§ **TASK DETAILS**
Look for the word "symmetric" in the entries below, then copy every line that has it.

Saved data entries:
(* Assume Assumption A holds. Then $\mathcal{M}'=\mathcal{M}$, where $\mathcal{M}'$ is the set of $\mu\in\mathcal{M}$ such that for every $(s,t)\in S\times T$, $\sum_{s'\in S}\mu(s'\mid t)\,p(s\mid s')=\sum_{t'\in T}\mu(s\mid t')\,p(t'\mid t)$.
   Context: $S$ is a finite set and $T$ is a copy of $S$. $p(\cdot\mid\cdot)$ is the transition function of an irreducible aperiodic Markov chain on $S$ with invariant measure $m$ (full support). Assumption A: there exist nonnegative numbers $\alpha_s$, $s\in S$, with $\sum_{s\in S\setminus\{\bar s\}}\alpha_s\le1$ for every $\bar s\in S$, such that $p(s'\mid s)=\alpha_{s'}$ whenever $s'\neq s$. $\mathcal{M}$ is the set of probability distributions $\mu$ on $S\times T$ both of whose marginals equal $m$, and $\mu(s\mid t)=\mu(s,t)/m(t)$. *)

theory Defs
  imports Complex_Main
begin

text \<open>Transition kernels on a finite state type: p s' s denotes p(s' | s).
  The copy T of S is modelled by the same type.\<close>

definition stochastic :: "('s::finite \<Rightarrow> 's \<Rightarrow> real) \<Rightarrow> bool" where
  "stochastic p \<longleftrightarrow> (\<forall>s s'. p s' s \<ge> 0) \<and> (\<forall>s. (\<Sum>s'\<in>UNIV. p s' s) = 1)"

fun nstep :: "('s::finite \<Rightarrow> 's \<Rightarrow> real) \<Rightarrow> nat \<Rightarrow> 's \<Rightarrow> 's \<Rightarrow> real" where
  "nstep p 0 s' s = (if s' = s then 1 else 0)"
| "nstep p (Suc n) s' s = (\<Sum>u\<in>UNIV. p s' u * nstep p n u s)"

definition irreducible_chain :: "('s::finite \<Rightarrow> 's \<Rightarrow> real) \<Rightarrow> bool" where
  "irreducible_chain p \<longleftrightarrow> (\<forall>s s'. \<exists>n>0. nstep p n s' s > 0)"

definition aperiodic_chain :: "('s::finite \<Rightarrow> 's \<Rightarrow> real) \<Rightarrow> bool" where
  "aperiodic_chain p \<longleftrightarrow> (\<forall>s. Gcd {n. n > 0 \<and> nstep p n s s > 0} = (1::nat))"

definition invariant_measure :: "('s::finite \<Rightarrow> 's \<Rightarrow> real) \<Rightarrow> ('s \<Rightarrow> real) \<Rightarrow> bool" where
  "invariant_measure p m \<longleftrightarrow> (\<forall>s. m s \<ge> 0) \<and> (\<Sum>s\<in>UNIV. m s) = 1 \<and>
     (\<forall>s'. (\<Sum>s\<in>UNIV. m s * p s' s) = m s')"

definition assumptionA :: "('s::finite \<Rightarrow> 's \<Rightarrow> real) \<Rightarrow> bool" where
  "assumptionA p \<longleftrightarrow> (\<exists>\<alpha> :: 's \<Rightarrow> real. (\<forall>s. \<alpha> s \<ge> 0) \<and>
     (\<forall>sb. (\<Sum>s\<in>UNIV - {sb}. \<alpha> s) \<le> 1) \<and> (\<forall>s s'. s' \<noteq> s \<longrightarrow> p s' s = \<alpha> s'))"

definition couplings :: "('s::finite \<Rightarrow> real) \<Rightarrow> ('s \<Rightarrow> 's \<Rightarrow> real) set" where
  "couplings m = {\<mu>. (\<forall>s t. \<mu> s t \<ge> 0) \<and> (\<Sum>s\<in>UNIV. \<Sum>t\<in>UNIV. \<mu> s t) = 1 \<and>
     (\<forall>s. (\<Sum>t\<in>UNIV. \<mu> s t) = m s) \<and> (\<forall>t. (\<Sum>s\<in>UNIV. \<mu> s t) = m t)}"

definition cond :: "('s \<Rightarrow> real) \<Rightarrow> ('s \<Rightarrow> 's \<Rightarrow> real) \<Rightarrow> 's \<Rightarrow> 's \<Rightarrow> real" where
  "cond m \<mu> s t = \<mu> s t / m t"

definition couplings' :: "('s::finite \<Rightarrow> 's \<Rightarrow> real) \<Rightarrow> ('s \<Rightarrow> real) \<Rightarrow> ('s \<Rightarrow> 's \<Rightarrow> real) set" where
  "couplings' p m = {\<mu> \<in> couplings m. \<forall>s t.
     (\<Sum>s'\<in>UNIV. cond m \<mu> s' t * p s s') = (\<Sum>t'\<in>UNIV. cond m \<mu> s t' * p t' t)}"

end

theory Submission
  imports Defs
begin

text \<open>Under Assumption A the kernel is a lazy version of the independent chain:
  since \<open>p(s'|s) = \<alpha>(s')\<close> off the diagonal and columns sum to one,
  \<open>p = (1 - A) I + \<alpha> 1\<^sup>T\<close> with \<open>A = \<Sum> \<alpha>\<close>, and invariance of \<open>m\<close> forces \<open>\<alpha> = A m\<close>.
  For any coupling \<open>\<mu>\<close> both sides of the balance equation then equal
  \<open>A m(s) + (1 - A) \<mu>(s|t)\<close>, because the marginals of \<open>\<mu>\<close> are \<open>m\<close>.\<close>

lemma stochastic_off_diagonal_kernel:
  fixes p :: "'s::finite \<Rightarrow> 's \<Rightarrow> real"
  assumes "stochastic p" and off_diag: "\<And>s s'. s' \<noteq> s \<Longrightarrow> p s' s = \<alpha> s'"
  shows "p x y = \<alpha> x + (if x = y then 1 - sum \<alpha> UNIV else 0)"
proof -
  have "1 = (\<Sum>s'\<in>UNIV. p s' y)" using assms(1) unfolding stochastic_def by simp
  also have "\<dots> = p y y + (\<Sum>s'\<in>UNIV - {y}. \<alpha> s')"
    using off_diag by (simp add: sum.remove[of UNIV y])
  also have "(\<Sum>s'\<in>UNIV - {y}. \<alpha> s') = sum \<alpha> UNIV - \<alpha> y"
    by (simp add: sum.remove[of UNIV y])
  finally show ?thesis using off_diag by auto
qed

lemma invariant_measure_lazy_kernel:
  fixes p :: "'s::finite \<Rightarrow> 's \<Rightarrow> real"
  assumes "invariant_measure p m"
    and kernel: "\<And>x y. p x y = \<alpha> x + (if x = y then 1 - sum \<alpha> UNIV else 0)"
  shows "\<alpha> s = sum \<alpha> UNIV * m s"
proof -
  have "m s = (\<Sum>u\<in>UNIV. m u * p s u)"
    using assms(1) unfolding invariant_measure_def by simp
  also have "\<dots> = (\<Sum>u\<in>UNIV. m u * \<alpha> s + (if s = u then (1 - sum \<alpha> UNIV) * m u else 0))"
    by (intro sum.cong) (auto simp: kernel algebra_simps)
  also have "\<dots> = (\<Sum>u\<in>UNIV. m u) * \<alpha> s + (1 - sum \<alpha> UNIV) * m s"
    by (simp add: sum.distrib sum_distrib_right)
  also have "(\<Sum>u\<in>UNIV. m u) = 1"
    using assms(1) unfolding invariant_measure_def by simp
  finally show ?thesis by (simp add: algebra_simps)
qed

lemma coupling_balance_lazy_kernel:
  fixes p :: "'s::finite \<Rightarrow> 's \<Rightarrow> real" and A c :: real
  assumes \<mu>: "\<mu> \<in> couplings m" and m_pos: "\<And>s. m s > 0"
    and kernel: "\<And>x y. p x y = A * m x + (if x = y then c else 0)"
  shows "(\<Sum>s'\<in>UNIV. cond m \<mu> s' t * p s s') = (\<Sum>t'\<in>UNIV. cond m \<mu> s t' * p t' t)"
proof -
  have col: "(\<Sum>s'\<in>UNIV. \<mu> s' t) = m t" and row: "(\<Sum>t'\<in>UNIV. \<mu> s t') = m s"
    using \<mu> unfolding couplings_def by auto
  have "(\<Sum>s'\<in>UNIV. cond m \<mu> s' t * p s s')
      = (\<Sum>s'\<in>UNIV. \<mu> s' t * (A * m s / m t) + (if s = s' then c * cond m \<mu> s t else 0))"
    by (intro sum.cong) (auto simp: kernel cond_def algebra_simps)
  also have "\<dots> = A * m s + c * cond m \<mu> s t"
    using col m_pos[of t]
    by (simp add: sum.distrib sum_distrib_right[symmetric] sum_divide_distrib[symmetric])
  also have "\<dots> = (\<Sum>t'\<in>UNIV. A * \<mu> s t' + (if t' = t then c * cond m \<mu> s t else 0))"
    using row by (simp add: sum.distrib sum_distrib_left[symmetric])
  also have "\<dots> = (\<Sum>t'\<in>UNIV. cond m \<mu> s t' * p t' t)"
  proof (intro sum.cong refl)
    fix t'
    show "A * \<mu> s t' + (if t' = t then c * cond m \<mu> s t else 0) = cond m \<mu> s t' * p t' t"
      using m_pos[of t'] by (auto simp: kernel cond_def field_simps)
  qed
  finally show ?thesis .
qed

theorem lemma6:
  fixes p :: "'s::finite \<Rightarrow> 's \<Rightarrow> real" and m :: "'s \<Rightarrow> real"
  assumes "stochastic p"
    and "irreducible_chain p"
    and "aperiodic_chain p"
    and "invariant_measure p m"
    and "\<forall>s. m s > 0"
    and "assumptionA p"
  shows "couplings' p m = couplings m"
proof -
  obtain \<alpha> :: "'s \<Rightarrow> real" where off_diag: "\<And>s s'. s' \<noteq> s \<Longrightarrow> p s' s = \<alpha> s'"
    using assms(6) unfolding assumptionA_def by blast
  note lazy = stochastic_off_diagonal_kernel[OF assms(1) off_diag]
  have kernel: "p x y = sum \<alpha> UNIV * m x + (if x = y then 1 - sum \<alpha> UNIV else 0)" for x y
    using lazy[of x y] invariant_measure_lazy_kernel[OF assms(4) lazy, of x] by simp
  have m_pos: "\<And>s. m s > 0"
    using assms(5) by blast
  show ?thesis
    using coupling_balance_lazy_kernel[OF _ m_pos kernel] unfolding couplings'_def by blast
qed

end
...
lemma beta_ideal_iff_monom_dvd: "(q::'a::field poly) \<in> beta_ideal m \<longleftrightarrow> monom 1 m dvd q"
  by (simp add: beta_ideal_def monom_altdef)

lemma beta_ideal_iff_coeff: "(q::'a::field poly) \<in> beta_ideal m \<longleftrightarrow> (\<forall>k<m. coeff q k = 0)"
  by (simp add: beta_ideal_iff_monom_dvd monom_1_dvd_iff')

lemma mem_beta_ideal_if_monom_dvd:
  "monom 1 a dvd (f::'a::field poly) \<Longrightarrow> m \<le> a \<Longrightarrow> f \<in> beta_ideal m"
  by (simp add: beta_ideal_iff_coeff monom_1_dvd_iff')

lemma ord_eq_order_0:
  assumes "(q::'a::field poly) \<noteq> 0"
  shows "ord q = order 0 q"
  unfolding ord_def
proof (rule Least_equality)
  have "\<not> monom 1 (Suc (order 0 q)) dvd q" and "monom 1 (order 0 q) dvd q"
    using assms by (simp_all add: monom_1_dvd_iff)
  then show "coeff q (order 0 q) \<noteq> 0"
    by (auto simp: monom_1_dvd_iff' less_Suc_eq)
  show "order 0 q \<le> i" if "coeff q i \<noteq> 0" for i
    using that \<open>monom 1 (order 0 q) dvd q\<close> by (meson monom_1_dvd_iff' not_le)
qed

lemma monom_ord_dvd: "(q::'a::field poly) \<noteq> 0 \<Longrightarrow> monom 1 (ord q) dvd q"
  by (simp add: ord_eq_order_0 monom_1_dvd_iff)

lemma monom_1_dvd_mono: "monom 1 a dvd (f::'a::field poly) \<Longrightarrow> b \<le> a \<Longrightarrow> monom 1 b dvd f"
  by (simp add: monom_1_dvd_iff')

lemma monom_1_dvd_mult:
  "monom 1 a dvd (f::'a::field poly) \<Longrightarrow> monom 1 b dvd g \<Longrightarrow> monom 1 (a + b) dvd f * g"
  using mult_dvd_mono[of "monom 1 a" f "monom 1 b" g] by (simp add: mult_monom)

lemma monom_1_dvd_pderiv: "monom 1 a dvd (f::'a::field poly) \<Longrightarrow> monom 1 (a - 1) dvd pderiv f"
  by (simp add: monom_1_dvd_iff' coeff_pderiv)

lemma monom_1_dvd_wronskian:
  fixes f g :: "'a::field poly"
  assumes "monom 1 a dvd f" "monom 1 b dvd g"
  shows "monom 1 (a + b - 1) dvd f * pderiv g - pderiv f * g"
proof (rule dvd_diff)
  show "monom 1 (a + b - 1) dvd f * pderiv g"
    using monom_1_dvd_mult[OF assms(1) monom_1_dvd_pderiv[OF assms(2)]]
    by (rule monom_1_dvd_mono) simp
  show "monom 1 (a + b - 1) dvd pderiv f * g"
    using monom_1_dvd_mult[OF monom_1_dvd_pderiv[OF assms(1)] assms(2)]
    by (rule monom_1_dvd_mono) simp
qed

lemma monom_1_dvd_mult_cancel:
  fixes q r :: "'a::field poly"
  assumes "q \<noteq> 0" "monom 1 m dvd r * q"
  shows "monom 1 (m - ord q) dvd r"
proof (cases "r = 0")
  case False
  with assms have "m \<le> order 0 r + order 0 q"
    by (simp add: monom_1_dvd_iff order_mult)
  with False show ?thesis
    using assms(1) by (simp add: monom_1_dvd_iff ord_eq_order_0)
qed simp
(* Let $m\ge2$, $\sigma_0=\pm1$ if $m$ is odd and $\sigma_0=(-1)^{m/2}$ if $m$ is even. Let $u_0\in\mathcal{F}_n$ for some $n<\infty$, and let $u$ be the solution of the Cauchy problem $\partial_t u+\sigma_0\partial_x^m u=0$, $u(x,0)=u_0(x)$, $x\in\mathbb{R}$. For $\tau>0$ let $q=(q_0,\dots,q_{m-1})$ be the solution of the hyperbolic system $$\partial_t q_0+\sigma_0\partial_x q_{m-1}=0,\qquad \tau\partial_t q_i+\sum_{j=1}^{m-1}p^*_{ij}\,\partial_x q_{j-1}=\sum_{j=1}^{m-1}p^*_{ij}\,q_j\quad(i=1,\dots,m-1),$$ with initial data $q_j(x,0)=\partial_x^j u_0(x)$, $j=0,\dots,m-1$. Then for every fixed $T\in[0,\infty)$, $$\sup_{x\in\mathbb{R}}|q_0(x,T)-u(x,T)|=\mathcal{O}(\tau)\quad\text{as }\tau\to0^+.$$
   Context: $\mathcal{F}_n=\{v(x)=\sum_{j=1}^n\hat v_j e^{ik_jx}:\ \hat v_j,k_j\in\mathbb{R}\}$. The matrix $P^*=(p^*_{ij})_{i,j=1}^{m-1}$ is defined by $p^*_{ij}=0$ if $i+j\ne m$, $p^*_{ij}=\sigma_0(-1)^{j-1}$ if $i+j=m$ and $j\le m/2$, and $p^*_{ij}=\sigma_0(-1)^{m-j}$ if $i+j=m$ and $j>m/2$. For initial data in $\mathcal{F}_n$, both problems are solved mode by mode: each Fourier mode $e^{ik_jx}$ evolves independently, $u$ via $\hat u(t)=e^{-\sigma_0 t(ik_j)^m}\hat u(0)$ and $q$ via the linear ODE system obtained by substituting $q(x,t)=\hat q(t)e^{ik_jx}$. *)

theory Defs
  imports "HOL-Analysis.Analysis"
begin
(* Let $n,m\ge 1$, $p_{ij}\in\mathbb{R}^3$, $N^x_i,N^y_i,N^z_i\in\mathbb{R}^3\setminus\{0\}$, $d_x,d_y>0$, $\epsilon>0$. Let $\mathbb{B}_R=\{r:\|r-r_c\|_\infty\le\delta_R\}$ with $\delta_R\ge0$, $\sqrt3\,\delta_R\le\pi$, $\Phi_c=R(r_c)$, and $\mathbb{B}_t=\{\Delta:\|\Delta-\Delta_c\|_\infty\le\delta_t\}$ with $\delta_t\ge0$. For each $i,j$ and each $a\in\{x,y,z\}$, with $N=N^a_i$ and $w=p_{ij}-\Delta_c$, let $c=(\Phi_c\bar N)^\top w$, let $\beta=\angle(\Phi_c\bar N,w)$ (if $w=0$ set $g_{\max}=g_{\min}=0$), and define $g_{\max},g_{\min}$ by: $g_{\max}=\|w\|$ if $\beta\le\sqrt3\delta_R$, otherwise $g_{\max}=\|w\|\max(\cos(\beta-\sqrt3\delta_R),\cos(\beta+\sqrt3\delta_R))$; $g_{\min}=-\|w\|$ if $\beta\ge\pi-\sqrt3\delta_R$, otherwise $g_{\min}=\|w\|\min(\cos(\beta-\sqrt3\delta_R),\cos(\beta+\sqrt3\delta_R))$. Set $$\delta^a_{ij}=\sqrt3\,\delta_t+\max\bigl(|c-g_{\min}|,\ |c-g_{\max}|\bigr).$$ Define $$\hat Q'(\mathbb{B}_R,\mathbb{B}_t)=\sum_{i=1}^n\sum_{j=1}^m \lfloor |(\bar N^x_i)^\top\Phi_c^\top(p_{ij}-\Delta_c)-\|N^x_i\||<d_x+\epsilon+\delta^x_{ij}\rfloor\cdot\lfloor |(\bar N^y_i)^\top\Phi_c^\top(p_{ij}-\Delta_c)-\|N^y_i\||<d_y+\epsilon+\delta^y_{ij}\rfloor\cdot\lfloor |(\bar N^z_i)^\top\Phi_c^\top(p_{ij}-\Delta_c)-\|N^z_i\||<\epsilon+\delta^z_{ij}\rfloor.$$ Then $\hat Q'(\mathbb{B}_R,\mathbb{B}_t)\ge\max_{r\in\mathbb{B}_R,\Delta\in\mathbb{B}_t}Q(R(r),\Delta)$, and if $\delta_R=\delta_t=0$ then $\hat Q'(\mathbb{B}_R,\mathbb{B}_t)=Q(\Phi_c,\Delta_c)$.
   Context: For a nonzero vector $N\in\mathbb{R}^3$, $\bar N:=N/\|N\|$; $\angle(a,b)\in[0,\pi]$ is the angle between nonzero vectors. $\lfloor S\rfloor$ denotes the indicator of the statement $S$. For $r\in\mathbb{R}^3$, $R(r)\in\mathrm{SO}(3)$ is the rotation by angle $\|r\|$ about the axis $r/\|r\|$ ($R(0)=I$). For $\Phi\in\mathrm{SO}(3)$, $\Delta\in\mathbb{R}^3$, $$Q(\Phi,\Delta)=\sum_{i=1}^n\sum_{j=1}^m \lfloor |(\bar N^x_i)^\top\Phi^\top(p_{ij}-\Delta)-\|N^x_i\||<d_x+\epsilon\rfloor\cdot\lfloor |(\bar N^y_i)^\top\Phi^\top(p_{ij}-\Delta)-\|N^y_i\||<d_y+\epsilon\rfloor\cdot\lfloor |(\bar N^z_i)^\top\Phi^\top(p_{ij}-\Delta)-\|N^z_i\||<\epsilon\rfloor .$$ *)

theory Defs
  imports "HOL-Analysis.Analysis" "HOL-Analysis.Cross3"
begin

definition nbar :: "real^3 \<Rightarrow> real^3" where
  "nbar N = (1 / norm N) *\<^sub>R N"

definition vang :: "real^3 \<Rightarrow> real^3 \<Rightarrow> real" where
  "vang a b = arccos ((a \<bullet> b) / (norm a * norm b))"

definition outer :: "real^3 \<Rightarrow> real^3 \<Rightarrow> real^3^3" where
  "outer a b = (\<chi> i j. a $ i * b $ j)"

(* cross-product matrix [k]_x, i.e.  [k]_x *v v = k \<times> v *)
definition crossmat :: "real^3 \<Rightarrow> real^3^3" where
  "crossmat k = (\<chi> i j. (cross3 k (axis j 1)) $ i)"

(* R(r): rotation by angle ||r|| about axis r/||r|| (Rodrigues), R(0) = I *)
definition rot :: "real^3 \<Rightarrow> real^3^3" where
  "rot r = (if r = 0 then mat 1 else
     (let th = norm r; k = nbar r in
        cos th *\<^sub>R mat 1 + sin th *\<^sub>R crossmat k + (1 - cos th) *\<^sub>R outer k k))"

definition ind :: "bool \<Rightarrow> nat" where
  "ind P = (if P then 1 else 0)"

§ **EXPECTED ANSWER**
    by (simp add: sum.distrib sum_distrib_right[symmetric] sum_divide_distrib[symmetric])
    using row by (simp add: sum.distrib sum_distrib_left[symmetric])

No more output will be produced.